A empresa espera que o aparelho em funcionamento gere dados suficientes para, no futuro, técnicas de aprendizado de máquina possam captar, por exemplo, efeitos colaterais de tratamentos do câncer. Assim, poderá ajudar no desenvolvimento de um medicamento. Outro passo adiante seria sugerir tratamentos mais eficazes levando em conta variáveis como a região onde a criança mora e seu histórico médico.

Joel de Oliveira Junior com os filhos Arthur e Victor - Acervo pessoal - Acervo pessoal
Joel de Oliveira Junior com os filhos Arthur e Victor
Imagem: Acervo pessoal

Mudando de jogo

Em apresentações de planos de negócios, era comum Joel ouvir que ficaria rico com o desenvolvimento do dispositivo.

Uma vez, uma pessoa que não sabia a história do Lucas disse que eu poderia cobrar o quanto eu quisesse pelo monitoramento porque 'pai de criança doente paga'. Mas não é isso que eu quero. Não preciso de cinco Ferraris, dez apartamentos

Como a Luckie Tech precisa pagar as contas, vai cobrar o valor de R$ 250 por criança para fazer o monitoramento. Atualmente, não são os pais que pagam esta conta, mas o SUS (Sistema Único de Saúde) e os convênios médicos.

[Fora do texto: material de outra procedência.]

lemma hm_one_left [simp]: "hm one a = {a}"
  using scalar_one unfolding scalar_identity_def by blast

lemma hm_one_right [simp]: "hm a one = {a}"
  by (simp add: hm_commute[of a])

lemma hm_nonempty: "hm a b \<noteq> {}"
  using mult_hyperring unfolding mult_hyperring_def by (elim conjE allE)

lemma hm_uminus_left: "hm (- a) b = uminus ` hm a b"
  using mult_hyperring unfolding mult_hyperring_def by (elim conjE allE)

lemma hm_zero_right [simp]: "hm a 0 = {0}"
proof -
  have "hm (one + - one) a \<subseteq> setsum_add (hm one a) (hm (- one) a)"
    using mult_hyperring unfolding mult_hyperring_def by blast
  then have "hm 0 a \<subseteq> setsum_add {a} {- a}"
    by (simp only: hm_uminus_left hm_one_left image_insert image_empty right_minus)
  then have "hm 0 a \<subseteq> {0}"
    by (simp add: setsum_add_def)
  then have "hm 0 a = {0}"
    using hm_nonempty by blast
  then show ?thesis
    by (simp only: hm_commute[of a])
qed

text \<open>Subsets form a commutative monoid under the elementwise product, so powers and finite
  products are taken as multiset products in it.\<close>

sublocale setprod: comm_monoid_mset "hsetprod hm" "{one}"
proof
  show "hsetprod hm (hsetprod hm A B) C = hsetprod hm A (hsetprod hm B C)" for A B C
    using hsetprod_assoc[OF mult_hyperring] .
  show "hsetprod hm A B = hsetprod hm B A" for A B
    using hsetprod_commute[OF commutative] .
  show "hsetprod hm A {one} = A" for A
    by (simp add: hsetprod_def)
qed

abbreviation hpower :: "nat \<Rightarrow> 'a \<Rightarrow> 'a set" where
  "hpower n x \<equiv> setprod.F (replicate_mset n {x})"

lemma hpower_add: "hpower (n + m) x = hsetprod hm (hpower n x) (hpower m x)"
  by (induction n) (simp_all add: setprod.assoc)

lemma hpower_nonempty: "hpower n x \<noteq> {}"
proof (induction n)
  case (Suc n)
  then obtain w where "w \<in> hpower n x"
    by blast
  then show ?case
    using hsetprod_nonempty[OF mult_hyperring, of x "{x}" w] by simp
qed simp

lemma hpow_eq_hpower: "n > 0 \<Longrightarrow> hpow hm x n = hpower n x"
proof (induction n)
  case (Suc n)
  then show ?case by (cases n) (simp_all add: setprod.commute)
qed simp

lemma lprod_eq_setprod: "xs \<noteq> [] \<Longrightarrow> lprod hm xs = setprod.F (mset (map (\<lambda>a. {a}) xs))"
proof (induction xs)
  case (Cons a xs)
  then show ?case by (cases xs) simp_all
qed simp

lemma hpow_eq_lprod: "n > 0 \<Longrightarrow> hpow hm x n = lprod hm (replicate n x)"
  by (simp add: hpow_eq_hpower lprod_eq_setprod mset_replicate)

lemma hpower_hm_subset:
  assumes "z \<in> hm r x"
  shows "hpower n z \<subseteq> hsetprod hm (hpower n r) (hpower n x)"
proof (induction n)
  case (Suc n)
  have "hpower (Suc n) z = hsetprod hm {z} (hpower n z)"
    by simp
  also have "\<dots> \<subseteq> hsetprod hm (hsetprod hm {r} {x}) (hsetprod hm (hpower n r) (hpower n x))"
    using Suc assms by (intro hsetprod_mono) (simp_all add: hsetprod_singletons)
  also have "\<dots> = hsetprod hm (hpower (Suc n) r) (hpower (Suc n) x)"
    by (simp add: setprod.assoc setprod.commute setprod.left_commute)
  finally show ?case .
qed simp

text \<open>Every term of the binomial expansion of (x + y)^k x^i y^j is a product x^i' y^j' with
  i' + j' = i + j + k \<ge> n + m - 1, hence i' \<ge> n or j' \<ge> m.\<close>

lemma hpower_binomial_subset:
  assumes I: "hyperideal hm I" and x: "hpower n x \<subseteq> I" and y: "hpower m y \<subseteq> I"
  shows "n + m \<le> Suc (i + j + k) \<Longrightarrow>
    hsetprod hm (hpower k (x + y)) (hsetprod hm (hpower i x) (hpower j y)) \<subseteq> I"
proof (induction k arbitrary: i j)
  case 0
  show ?case
  proof (cases "n \<le> i")
    case True
    then have "hsetprod hm (hpower i x) (hpower j y)
        = hsetprod hm (hsetprod hm (hpower (i - n) x) (hpower j y)) (hpower n x)"
      using hpower_add[of n "i - n" x] by (simp add: setprod.assoc setprod.commute setprod.left_commute)
    then show ?thesis
      using hyperideal_hsetprod_subset[OF I x] by simp
  next
    case False
    with 0 have "hsetprod hm (hpower i x) (hpower j y)
        = hsetprod hm (hsetprod hm (hpower i x) (hpower (j - m) y)) (hpower m y)"
      using hpower_add[of m "j - m" y] by (simp add: setprod.assoc setprod.commute setprod.left_commute)
    then show ?thesis
      using hyperideal_hsetprod_subset[OF I y] by simp
  qed
next
  case (Suc k)
  define B where "B = hsetprod hm (hpower k (x + y)) (hsetprod hm (hpower i x) (hpower j y))"
  have "hsetprod hm {x} B \<subseteq> I"
    using Suc.IH[of "Suc i" j] Suc.prems unfolding B_def
    by (simp add: setprod.assoc setprod.commute setprod.left_commute)
  moreover have "hsetprod hm {y} B \<subseteq> I"
    using Suc.IH[of i "Suc j"] Suc.prems unfolding B_def
    by (simp add: setprod.assoc setprod.commute setprod.left_commute)
  ultimately have "setsum_add (hsetprod hm {x} B) (hsetprod hm {y} B) \<subseteq> I"
    using hyperideal_add[OF I] unfolding setsum_add_def by blast
  moreover have "hsetprod hm (hpower (Suc k) (x + y)) (hsetprod hm (hpower i x) (hpower j y))
      = hsetprod hm {x + y} B"
    unfolding B_def by (simp add: setprod.assoc)
  ultimately show ?case
    using hsetprod_add_left_subset[OF mult_hyperring, of x y B] by blast
qed
lemma Mj_disjoint:
  assumes "j < n" and "j' < n" and "j \<noteq> j'"
  shows "Mj n j \<inter> Mj n j' = {}"
proof -
  have "(i + j) mod n \<noteq> (i + j') mod n" for i
    using assms by (metis cong_def cong_add_lcancel_nat cong_less_modulus_unique_nat)
  then show ?thesis
    unfolding Mj_def by (auto simp: doubleton_eq_iff)
qed

lemma card_edges_at_Mj:
  assumes "v \<in> Hn_vertices n"
  shows "card {e \<in> Mj n j. v \<in> e} = 1"
proof -
  from assms consider (a) i where "i < n" "v = Inl i" | (b) k where "k < n" "v = Inr k"
    unfolding Hn_vertices_def by auto
  then show ?thesis
  proof cases
    case a
    then have "{e \<in> Mj n j. v \<in> e} = {{Inl i, Inr ((i + j) mod n)}}"
      unfolding Mj_def by auto
    then show ?thesis
      by simp
  next
    case b
    have bij: "bij_betw (\<lambda>i. (i + j) mod n) {..<n} {..<n}"
      by (rule bij_betw_add_mod)
    then have "k \<in> (\<lambda>i. (i + j) mod n) ` {..<n}"
      using \<open>k < n\<close> by (simp add: bij_betw_def)
    then obtain i where i: "i < n" "(i + j) mod n = k"
      by auto
    have unique: "i' = i" if "i' < n" "(i' + j) mod n = k" for i'
      using inj_onD[OF bij_betw_imp_inj_on[OF bij], of i' i] that i by simp
    have "{e \<in> Mj n j. v \<in> e} = {{Inl i, Inr k}}"
    proof (intro equalityI subsetI)
      fix e assume "e \<in> {e \<in> Mj n j. v \<in> e}"
      then obtain i' where "i' < n" "e = {Inl i', Inr ((i' + j) mod n)}" "Inr k \<in> e"
        using b unfolding Mj_def by auto
      with unique show "e \<in> {{Inl i, Inr k}}"
        by auto
    next
      fix e assume "e \<in> {{Inl i, Inr k}}"
      with b i show "e \<in> {e \<in> Mj n j. v \<in> e}"
        unfolding Mj_def by auto
    qed
    then show ?thesis
      by simp
  qed
qed

lemma regular_Hn:
  assumes "2 < n"
  shows "regular 3 (Hn_vertices n) (Hn_edges n)"
  unfolding regular_def degree_def
proof
  fix v assume v: "v \<in> Hn_vertices n"
  have "{e \<in> Hn_edges n. v \<in> e}
      = {e \<in> Mj n 0. v \<in> e} \<union> {e \<in> Mj n 1. v \<in> e} \<union> {e \<in> Mj n 2. v \<in> e}"
    unfolding Hn_edges_def by auto
  moreover have "Mj n 0 \<inter> Mj n 1 = {}" "Mj n 0 \<inter> Mj n 2 = {}" "Mj n 1 \<inter> Mj n 2 = {}"
    using assms by (simp_all add: Mj_disjoint)
  then have "{e \<in> Mj n 0. v \<in> e} \<inter> {e \<in> Mj n 1. v \<in> e} = {}"
    "({e \<in> Mj n 0. v \<in> e} \<union> {e \<in> Mj n 1. v \<in> e}) \<inter> {e \<in> Mj n 2. v \<in> e} = {}"
    by blast+
  moreover have "finite {e \<in> Mj n j. v \<in> e}" for j
    using card_edges_at_Mj[OF v] by (intro card_ge_0_finite) simp
  ultimately show "card {e \<in> Hn_edges n. v \<in> e} = 3"
    using card_edges_at_Mj[OF v] by (simp add: card_Un_disjoint)
qed

text \<open>Position \<open>k\<close> on the cycle \<open>a\<^sub>0 b\<^sub>j\<^sub>+\<^sub>d a\<^sub>d b\<^sub>j\<^sub>+\<^sub>2\<^sub>d a\<^sub>2\<^sub>d \<dots>\<close>, with \<open>a\<^sub>i = Inl i\<close> and \<open>b\<^sub>i = Inr i\<close>.\<close>

definition Hn_walk :: "nat \<Rightarrow> nat \<Rightarrow> nat \<Rightarrow> nat \<Rightarrow> nat + nat" where
  "Hn_walk n j d k =
    (if even k then Inl ((k div 2 * d) mod n) else Inr (((k div 2 + 1) * d + j) mod n))"

lemma Hn_walk_wrap:
  assumes "m < n"
  shows "Hn_walk n j d ((2 * m + 2) mod (2 * n)) = Inl (((m + 1) * d) mod n)"
proof (cases "m + 1 < n")
  case True
  then have "(2 * m + 2) mod (2 * n) = 2 * (m + 1)"
    by simp
  then show ?thesis
    by (simp add: Hn_walk_def)
next
  case False
  with assms have "m + 1 = n"
    by simp
  then have "2 * m + 2 = 2 * n"
    by simp
  then have "(2 * m + 2) mod (2 * n) = 2 * 0"
    by simp
  with \<open>m + 1 = n\<close> show ?thesis
    by (simp add: Hn_walk_def)
qed

lemma inj_on_Hn_walk:
  assumes "coprime d n"
  shows "inj_on (Hn_walk n j d) {..<2 * n}"
proof (rule inj_onI)
  fix a b assume "a \<in> {..<2 * n}" "b \<in> {..<2 * n}" and eq: "Hn_walk n j d a = Hn_walk n j d b"
  then have ab: "a div 2 \<in> {..<n}" "b div 2 \<in> {..<n}"
    by auto
  have inj_mult: "inj_on (\<lambda>m. ((m + c) * d) mod n) {..<n}" for c
    using bij_betw_mult_mod[OF assms] by (rule bij_betw_imp_inj_on)
  have inj_add: "inj_on (\<lambda>m. (m + j) mod n) {..<n}"
    using bij_betw_add_mod by (rule bij_betw_imp_inj_on)
  show "a = b"
  proof (cases "even a")
    case True
    with eq have "even b" "((a div 2 + 0) * d) mod n = ((b div 2 + 0) * d) mod n"
      unfolding Hn_walk_def by (auto split: if_splits)
    with True ab inj_mult[of 0] show ?thesis
      by (metis inj_onD dvd_mult_div_cancel)
  next
    case False
    with eq have "odd b" "(((a div 2 + 1) * d) mod n + j) mod n = (((b div 2 + 1) * d) mod n + j) mod n"
      unfolding Hn_walk_def by (auto split: if_splits simp: mod_add_left_eq)
    moreover have "((a div 2 + 1) * d) mod n \<in> {..<n}" "((b div 2 + 1) * d) mod n \<in> {..<n}"
      using ab by auto
    ultimately have "((a div 2 + 1) * d) mod n = ((b div 2 + 1) * d) mod n"
      using inj_onD[OF inj_add] by blast
    with False \<open>odd b\<close> ab inj_mult[of 1] show ?thesis
      by (metis inj_onD odd_two_times_div_two_succ)
  qed
qed

lemma Hn_walk_edge_even:
  assumes "m < n"
  shows "{Hn_walk n j d (2 * m), Hn_walk n j d ((2 * m + 1) mod (2 * n))}
    = {Inl ((m * d) mod n), Inr (((m * d) mod n + (j + d)) mod n)}"
proof -
  have "Hn_walk n j d (2 * m) = Inl ((m * d) mod n)"
    by (simp add: Hn_walk_def)
  moreover have "Hn_walk n j d ((2 * m + 1) mod (2 * n)) = Inr (((m + 1) * d + j) mod n)"
    using assms by (simp add: Hn_walk_def)
  moreover have "((m * d) mod n + (j + d)) mod n = (m * d + (j + d)) mod n"
    by (rule mod_add_left_eq)
  moreover have "\<dots> = ((m + 1) * d + j) mod n"
    by (simp add: algebra_simps)
  ultimately show ?thesis
    by (simp only:)
qed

"O nosso foco é negociar com outras empresas, não levar essa conta para os pais, que já gastam por volta de R$ 35 mil por mês no tratamento de seus filhos. Por isso, temos que baratear o custo do nosso serviço para que possamos fazer negócio com instituições médicas".

Este posicionamento surgiu, segundo Joel, após a morte de Lucas. "Antes eu era muito focado em dinheiro, com a falácia de que era para dar o melhor aos meus filhos", diz o pai de Victor, 11, e Arthur, 6. "Mas é mentira, é para você mesmo. O filho quer um abraço, um carinho".

Por isso, sete anos depois da partida do menino, o engenheiro tem criado bons momentos também com seus filhos. "Senti uma necessidade maior de ficar mais perto deles. Pelo menos algo bom surgiu desse momento tão doloroso. É difícil, mas é natural".